TO DO
The expected answer is the set of lines in the data below between the line holding "j) = (\<Sum>j<d." and the line holding "fix i assume", inclusive, written out exactly.

(Saved entries)
/---

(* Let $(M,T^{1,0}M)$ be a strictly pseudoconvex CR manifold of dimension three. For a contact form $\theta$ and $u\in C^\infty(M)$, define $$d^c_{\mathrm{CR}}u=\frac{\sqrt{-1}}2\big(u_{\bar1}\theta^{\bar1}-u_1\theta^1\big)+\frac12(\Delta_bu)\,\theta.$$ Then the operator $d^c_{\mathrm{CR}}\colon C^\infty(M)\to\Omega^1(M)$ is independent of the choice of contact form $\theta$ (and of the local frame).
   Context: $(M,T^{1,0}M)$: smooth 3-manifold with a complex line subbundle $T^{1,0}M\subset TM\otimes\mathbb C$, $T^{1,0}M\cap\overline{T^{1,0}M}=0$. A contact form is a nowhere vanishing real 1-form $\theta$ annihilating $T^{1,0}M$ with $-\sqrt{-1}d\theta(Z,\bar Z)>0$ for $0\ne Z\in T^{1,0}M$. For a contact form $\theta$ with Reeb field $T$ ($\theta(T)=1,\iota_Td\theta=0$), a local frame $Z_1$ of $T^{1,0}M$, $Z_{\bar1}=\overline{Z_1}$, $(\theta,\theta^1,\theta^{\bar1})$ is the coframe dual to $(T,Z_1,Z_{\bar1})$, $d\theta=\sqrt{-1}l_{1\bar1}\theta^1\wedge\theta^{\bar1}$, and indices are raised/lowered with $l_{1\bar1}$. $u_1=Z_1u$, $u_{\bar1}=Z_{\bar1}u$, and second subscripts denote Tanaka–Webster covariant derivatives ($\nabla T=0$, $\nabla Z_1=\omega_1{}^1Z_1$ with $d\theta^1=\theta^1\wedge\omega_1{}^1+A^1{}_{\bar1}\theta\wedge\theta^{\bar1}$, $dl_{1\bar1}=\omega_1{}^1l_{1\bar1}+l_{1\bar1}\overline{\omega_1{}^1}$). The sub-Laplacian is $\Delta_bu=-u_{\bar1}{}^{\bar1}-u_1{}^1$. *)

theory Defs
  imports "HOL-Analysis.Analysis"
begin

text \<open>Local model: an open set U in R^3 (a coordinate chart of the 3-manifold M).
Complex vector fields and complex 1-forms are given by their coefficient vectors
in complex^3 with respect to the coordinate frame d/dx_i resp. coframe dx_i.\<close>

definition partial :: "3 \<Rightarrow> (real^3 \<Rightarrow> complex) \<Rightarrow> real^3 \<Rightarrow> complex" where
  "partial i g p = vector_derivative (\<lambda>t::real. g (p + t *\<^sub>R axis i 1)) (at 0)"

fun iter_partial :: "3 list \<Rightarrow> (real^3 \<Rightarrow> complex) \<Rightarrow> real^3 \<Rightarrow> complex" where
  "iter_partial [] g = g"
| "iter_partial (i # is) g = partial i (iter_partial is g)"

\---
/---

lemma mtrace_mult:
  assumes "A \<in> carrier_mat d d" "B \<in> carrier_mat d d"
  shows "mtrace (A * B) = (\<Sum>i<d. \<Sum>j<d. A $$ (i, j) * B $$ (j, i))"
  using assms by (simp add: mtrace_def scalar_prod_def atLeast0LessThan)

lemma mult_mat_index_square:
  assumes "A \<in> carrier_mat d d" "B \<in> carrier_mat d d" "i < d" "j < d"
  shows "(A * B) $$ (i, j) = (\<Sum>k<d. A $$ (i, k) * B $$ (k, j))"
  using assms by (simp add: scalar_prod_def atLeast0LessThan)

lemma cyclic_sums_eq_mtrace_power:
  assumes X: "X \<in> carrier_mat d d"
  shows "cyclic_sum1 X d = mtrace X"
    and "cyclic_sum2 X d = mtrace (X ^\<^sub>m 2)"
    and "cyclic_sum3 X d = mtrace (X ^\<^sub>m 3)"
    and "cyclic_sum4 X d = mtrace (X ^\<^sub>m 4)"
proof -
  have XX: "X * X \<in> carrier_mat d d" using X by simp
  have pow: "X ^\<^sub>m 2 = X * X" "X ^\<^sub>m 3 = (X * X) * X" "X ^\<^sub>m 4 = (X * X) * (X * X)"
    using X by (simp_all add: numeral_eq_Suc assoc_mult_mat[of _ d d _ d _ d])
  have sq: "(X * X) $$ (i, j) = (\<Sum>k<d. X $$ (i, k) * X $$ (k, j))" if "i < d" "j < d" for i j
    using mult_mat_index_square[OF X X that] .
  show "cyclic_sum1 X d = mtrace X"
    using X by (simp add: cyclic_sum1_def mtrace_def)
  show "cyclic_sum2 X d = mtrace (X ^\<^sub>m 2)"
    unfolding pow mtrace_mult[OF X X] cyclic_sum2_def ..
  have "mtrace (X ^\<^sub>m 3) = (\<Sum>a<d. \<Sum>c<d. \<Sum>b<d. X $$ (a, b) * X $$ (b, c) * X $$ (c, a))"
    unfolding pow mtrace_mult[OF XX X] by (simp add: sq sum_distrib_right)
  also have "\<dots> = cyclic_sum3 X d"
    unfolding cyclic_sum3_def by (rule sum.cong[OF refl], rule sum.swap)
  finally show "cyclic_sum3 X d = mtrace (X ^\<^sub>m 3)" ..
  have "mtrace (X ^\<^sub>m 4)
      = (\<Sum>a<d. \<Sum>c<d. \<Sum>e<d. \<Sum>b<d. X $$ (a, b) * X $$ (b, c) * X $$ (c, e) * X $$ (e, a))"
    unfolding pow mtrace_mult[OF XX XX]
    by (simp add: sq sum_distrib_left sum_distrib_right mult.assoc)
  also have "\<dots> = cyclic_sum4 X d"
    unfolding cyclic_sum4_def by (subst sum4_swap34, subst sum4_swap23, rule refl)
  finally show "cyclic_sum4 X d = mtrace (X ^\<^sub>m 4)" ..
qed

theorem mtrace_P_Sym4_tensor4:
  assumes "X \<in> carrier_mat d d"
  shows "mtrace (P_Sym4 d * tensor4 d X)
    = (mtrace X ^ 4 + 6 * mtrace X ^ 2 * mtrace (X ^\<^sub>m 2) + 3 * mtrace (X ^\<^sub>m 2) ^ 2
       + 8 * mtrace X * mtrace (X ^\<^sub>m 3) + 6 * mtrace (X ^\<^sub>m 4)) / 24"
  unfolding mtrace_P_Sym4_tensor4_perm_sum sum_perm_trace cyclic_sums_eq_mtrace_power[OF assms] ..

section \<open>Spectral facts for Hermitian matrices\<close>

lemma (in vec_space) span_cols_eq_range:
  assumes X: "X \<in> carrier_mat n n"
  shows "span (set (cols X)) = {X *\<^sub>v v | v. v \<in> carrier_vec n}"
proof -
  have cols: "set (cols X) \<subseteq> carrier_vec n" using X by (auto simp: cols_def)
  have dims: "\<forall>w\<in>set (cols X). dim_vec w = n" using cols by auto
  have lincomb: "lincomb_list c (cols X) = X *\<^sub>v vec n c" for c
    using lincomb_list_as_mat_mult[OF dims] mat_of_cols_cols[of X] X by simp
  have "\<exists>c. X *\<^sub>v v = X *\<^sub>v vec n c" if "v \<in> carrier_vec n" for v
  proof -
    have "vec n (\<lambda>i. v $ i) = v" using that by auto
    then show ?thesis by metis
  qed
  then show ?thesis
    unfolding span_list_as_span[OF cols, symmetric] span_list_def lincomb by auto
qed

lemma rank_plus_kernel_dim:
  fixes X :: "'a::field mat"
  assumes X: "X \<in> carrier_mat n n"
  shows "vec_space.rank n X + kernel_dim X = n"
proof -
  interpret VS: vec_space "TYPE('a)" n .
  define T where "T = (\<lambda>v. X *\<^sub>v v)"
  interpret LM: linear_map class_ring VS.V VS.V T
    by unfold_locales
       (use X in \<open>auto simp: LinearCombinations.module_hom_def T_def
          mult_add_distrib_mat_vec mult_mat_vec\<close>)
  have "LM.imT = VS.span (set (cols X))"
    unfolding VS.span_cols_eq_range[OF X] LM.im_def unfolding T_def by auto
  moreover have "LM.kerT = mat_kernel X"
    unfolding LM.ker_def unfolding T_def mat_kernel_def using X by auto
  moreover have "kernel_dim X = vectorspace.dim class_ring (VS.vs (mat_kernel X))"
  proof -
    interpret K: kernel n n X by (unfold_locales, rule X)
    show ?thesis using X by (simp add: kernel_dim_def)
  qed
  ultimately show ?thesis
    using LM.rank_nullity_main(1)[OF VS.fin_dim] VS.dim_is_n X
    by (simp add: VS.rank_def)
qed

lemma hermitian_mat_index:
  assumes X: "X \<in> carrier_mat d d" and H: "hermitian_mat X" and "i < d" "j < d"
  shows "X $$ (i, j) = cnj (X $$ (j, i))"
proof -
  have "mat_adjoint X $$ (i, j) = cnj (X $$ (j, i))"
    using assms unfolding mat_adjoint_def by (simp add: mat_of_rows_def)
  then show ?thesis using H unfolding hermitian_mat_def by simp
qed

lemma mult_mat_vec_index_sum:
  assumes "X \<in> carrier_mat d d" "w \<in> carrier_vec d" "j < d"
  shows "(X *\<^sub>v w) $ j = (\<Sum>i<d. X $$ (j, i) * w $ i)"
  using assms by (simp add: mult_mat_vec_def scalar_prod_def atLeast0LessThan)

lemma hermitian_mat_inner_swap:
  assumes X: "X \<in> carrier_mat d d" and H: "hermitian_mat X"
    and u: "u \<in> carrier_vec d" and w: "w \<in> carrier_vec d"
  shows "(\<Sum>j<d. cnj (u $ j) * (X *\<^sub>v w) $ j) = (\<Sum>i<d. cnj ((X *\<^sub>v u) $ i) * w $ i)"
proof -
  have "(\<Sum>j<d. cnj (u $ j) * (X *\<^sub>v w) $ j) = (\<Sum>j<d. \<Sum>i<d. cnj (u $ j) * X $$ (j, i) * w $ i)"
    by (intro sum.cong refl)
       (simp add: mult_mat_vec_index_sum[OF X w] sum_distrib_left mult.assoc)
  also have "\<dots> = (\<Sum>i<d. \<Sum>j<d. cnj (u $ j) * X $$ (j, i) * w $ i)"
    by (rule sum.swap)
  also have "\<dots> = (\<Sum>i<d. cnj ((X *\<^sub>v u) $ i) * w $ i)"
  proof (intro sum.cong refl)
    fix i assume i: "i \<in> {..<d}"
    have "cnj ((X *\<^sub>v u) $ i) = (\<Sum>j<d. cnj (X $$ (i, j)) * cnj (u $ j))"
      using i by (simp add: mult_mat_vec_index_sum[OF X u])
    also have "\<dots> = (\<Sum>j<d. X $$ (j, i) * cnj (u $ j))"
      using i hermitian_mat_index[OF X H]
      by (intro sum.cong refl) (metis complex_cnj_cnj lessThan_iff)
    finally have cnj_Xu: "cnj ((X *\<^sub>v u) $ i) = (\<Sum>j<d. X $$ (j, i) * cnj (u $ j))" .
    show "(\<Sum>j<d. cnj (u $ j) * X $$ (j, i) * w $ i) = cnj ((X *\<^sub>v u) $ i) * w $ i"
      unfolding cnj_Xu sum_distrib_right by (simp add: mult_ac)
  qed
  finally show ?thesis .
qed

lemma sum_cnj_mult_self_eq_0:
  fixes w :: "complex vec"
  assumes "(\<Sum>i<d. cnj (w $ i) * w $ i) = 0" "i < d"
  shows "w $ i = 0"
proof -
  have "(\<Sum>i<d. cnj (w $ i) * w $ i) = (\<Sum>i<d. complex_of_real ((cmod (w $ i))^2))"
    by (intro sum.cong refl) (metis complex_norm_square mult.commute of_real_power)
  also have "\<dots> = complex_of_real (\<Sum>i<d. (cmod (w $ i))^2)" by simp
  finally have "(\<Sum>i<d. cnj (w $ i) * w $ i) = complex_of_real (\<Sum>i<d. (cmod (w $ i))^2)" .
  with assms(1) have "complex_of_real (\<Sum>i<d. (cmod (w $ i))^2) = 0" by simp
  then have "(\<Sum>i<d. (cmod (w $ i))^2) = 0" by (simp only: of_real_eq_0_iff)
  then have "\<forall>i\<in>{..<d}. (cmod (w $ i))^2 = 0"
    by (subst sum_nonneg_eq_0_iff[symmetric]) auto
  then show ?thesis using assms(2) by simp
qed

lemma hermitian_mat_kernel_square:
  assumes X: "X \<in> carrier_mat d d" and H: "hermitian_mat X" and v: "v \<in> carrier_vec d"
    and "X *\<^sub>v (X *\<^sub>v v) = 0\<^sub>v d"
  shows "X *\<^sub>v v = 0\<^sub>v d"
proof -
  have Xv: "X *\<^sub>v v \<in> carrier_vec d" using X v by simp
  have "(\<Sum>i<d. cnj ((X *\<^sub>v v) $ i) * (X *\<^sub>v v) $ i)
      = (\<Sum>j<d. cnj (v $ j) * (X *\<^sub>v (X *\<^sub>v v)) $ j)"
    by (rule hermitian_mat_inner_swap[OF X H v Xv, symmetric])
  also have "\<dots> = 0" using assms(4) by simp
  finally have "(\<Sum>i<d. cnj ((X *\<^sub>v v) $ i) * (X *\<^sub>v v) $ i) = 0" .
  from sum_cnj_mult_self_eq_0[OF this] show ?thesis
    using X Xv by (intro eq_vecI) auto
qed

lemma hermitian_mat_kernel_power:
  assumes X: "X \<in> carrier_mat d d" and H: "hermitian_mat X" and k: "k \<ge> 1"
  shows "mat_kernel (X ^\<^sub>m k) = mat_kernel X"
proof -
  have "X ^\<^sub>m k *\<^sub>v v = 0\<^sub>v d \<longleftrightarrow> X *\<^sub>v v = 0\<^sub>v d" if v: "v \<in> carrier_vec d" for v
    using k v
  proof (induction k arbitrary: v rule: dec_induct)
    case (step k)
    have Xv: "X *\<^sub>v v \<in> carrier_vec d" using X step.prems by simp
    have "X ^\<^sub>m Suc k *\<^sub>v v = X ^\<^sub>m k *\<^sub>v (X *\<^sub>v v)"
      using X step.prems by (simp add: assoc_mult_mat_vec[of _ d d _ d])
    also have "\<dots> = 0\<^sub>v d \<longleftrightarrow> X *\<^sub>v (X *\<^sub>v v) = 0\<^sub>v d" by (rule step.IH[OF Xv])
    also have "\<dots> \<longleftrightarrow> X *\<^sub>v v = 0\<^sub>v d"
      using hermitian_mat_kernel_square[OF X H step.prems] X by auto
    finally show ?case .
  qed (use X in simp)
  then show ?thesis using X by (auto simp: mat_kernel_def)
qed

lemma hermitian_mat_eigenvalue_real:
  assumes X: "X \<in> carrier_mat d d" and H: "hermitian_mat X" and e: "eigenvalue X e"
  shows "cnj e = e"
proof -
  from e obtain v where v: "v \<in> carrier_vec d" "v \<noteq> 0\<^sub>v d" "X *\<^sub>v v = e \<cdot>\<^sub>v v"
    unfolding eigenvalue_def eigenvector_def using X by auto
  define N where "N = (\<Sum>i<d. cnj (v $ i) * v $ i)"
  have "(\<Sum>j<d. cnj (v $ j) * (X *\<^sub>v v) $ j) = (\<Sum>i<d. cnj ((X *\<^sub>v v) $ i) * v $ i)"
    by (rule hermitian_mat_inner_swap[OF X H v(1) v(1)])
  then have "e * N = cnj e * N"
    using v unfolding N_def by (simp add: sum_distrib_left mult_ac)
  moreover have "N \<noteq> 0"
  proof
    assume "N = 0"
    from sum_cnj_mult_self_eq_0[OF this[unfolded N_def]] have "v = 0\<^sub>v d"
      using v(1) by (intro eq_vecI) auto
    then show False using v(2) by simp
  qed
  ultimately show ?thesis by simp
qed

\---
/---

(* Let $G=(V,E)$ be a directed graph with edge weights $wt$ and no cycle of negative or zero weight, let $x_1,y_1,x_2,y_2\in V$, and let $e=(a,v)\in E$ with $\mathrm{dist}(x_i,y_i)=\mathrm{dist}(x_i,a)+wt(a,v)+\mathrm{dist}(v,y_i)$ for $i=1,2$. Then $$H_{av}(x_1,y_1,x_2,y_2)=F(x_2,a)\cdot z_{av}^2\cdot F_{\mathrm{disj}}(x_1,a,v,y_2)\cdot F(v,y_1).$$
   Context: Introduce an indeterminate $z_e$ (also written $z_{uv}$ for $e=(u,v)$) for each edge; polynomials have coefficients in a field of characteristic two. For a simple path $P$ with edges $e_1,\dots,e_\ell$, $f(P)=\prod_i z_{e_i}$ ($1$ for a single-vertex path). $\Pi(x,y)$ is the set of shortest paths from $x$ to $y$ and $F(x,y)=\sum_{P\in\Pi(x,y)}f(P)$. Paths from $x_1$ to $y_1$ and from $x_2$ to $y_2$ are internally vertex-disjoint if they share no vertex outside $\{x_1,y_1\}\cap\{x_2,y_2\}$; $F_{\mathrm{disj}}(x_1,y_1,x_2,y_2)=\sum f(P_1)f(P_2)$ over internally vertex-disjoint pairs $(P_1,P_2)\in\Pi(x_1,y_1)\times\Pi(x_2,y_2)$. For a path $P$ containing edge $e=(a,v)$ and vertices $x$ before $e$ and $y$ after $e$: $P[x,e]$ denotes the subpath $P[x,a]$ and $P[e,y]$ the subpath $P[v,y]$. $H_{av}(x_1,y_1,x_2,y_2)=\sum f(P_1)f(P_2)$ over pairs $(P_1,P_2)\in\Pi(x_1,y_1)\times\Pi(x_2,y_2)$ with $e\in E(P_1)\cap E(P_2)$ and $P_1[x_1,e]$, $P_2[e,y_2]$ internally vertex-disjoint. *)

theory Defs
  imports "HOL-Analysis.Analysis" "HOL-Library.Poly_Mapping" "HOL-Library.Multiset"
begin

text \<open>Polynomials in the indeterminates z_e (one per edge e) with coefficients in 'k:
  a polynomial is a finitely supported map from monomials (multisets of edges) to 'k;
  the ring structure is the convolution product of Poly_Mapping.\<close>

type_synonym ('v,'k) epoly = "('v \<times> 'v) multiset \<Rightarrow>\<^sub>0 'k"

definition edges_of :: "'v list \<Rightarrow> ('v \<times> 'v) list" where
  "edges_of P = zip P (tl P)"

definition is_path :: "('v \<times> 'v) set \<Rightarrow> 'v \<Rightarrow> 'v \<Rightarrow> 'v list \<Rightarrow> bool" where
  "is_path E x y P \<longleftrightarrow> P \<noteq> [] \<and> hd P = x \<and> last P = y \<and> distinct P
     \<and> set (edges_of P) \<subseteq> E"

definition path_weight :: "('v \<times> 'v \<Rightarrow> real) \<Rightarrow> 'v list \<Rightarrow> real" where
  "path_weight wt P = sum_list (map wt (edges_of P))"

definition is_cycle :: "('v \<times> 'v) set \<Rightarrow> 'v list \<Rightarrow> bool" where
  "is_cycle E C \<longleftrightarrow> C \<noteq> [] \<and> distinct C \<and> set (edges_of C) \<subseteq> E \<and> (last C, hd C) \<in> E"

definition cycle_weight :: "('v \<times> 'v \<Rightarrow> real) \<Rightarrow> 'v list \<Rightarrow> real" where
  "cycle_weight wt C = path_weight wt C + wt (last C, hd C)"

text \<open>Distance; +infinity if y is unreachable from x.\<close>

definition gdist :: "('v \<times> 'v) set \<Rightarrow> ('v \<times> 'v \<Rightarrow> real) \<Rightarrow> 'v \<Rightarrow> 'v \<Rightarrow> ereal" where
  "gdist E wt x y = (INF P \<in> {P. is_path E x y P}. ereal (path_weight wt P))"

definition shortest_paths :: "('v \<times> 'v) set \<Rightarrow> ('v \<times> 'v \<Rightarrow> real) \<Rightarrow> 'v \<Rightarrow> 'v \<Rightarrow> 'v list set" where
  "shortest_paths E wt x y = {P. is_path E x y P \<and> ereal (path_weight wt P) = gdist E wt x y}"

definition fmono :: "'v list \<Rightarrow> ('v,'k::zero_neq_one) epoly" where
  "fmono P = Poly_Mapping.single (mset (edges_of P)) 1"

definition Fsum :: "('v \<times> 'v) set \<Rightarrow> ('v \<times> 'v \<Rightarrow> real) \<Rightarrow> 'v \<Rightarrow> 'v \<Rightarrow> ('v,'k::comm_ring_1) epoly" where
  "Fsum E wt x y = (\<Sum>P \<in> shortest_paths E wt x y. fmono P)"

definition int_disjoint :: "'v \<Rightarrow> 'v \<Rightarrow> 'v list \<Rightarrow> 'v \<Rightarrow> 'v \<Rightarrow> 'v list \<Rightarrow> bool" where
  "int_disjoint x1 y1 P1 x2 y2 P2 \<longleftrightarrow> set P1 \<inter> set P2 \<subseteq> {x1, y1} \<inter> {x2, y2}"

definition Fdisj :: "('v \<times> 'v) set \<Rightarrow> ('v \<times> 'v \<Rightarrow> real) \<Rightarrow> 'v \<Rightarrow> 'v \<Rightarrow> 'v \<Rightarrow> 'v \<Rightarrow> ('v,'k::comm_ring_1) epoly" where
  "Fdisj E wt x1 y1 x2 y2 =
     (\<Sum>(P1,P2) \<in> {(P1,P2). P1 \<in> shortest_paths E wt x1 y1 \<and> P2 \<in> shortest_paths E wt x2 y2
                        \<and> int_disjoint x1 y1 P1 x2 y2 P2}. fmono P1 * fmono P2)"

\---

ANSWER BELOW
  have "(\<Sum>j<d. cnj (u $ j) * (X *\<^sub>v w) $ j) = (\<Sum>j<d. \<Sum>i<d. cnj (u $ j) * X $$ (j, i) * w $ i)"
    by (intro sum.cong refl)
       (simp add: mult_mat_vec_index_sum[OF X w] sum_distrib_left mult.assoc)
  also have "\<dots> = (\<Sum>i<d. \<Sum>j<d. cnj (u $ j) * X $$ (j, i) * w $ i)"
    by (rule sum.swap)
  also have "\<dots> = (\<Sum>i<d. cnj ((X *\<^sub>v u) $ i) * w $ i)"
  proof (intro sum.cong refl)
    fix i assume i: "i \<in> {..<d}"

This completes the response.